▶ Work instruction: Retype, without alteration, each line from the line containing "by (simp add: fun_eq_iff" to the final line of the records.

▶ Source data:

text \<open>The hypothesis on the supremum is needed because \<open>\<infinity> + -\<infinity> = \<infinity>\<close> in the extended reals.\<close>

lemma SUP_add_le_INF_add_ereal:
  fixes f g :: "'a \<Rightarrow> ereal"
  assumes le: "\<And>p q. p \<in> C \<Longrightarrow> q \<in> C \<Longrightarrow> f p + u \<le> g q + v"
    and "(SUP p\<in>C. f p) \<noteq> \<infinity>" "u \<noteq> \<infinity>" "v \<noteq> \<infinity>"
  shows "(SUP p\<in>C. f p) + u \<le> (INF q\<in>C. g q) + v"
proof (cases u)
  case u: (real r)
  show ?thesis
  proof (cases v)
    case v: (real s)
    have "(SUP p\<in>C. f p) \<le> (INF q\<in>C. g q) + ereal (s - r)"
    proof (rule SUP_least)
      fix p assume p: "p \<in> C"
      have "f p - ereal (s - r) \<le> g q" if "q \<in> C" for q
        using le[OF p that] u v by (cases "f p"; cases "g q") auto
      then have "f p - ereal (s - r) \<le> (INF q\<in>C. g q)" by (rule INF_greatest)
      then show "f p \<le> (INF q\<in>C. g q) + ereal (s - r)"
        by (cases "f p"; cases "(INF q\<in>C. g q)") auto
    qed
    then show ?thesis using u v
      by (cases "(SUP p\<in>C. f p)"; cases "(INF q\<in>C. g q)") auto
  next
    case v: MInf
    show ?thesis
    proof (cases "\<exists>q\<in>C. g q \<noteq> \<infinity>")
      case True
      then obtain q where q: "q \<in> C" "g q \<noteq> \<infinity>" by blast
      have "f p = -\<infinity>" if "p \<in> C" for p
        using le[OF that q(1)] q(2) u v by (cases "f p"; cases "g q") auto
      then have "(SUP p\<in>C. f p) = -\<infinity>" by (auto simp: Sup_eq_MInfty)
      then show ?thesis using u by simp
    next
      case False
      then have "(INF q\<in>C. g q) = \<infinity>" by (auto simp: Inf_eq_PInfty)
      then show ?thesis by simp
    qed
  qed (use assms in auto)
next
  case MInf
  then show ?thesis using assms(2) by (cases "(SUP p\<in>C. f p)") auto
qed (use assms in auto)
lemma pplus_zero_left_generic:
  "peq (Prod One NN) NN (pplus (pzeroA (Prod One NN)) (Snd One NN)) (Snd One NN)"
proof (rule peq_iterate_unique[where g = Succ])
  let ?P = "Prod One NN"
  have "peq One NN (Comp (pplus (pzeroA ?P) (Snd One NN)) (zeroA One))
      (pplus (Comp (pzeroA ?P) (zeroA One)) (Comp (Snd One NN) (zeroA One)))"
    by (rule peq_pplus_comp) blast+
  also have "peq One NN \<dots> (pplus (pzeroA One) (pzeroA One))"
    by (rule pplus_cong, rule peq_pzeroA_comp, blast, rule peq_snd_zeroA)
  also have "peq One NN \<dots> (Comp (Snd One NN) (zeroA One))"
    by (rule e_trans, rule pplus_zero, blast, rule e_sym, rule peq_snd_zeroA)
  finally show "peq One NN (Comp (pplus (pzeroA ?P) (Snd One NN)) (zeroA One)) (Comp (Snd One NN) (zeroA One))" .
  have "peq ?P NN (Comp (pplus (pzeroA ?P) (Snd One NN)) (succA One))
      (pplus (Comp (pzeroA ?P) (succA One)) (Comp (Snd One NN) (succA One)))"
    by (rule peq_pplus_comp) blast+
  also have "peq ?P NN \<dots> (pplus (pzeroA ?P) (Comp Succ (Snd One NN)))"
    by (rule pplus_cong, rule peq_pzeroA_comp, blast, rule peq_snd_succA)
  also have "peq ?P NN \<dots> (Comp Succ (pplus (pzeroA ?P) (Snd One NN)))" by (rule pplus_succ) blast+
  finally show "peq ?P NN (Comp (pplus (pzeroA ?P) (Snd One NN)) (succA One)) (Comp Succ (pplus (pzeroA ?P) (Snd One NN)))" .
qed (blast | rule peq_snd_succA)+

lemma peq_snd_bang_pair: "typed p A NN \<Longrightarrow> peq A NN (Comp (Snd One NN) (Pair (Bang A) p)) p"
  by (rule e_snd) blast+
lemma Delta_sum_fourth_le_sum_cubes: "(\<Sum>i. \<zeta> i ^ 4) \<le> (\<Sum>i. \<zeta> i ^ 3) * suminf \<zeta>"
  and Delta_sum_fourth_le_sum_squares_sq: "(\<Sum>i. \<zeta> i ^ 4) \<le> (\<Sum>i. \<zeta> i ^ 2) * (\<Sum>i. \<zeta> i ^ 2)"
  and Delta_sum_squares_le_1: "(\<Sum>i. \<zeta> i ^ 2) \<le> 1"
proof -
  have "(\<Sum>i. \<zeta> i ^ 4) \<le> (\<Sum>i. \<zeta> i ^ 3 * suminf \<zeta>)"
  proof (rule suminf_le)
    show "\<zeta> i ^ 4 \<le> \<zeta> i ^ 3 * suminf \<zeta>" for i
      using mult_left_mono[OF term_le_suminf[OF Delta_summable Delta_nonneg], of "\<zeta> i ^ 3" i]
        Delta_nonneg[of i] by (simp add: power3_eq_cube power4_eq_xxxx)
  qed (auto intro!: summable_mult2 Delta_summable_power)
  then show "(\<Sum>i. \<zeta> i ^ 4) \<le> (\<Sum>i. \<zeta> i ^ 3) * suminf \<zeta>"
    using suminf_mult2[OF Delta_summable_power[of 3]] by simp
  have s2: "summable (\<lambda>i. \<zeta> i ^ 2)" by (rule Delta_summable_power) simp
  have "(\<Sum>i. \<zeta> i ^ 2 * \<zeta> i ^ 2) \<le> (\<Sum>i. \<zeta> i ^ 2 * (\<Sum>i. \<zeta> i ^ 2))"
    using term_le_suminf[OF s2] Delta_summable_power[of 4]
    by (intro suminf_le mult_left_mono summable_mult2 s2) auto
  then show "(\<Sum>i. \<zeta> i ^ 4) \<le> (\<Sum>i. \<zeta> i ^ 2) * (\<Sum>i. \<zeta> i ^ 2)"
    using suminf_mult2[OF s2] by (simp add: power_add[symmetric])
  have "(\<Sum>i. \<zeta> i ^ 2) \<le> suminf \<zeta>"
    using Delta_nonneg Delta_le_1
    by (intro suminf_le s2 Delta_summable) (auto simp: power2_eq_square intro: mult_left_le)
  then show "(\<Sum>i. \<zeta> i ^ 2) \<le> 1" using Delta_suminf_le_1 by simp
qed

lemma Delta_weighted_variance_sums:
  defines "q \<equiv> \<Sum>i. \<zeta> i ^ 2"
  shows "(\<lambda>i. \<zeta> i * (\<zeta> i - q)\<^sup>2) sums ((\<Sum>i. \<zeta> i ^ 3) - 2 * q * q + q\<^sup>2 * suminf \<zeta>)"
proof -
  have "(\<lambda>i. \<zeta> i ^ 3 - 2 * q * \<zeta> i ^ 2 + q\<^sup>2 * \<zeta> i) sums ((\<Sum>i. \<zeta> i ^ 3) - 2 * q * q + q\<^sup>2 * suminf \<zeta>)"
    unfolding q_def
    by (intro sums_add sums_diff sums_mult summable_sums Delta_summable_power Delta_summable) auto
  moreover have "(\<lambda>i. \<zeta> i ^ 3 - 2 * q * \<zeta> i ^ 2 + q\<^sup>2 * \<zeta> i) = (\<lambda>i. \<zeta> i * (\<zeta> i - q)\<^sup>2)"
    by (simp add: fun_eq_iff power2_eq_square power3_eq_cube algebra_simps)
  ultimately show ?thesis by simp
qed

▶ Solved exercise:
    by (simp add: fun_eq_iff power2_eq_square power3_eq_cube algebra_simps)
  ultimately show ?thesis by simp
qed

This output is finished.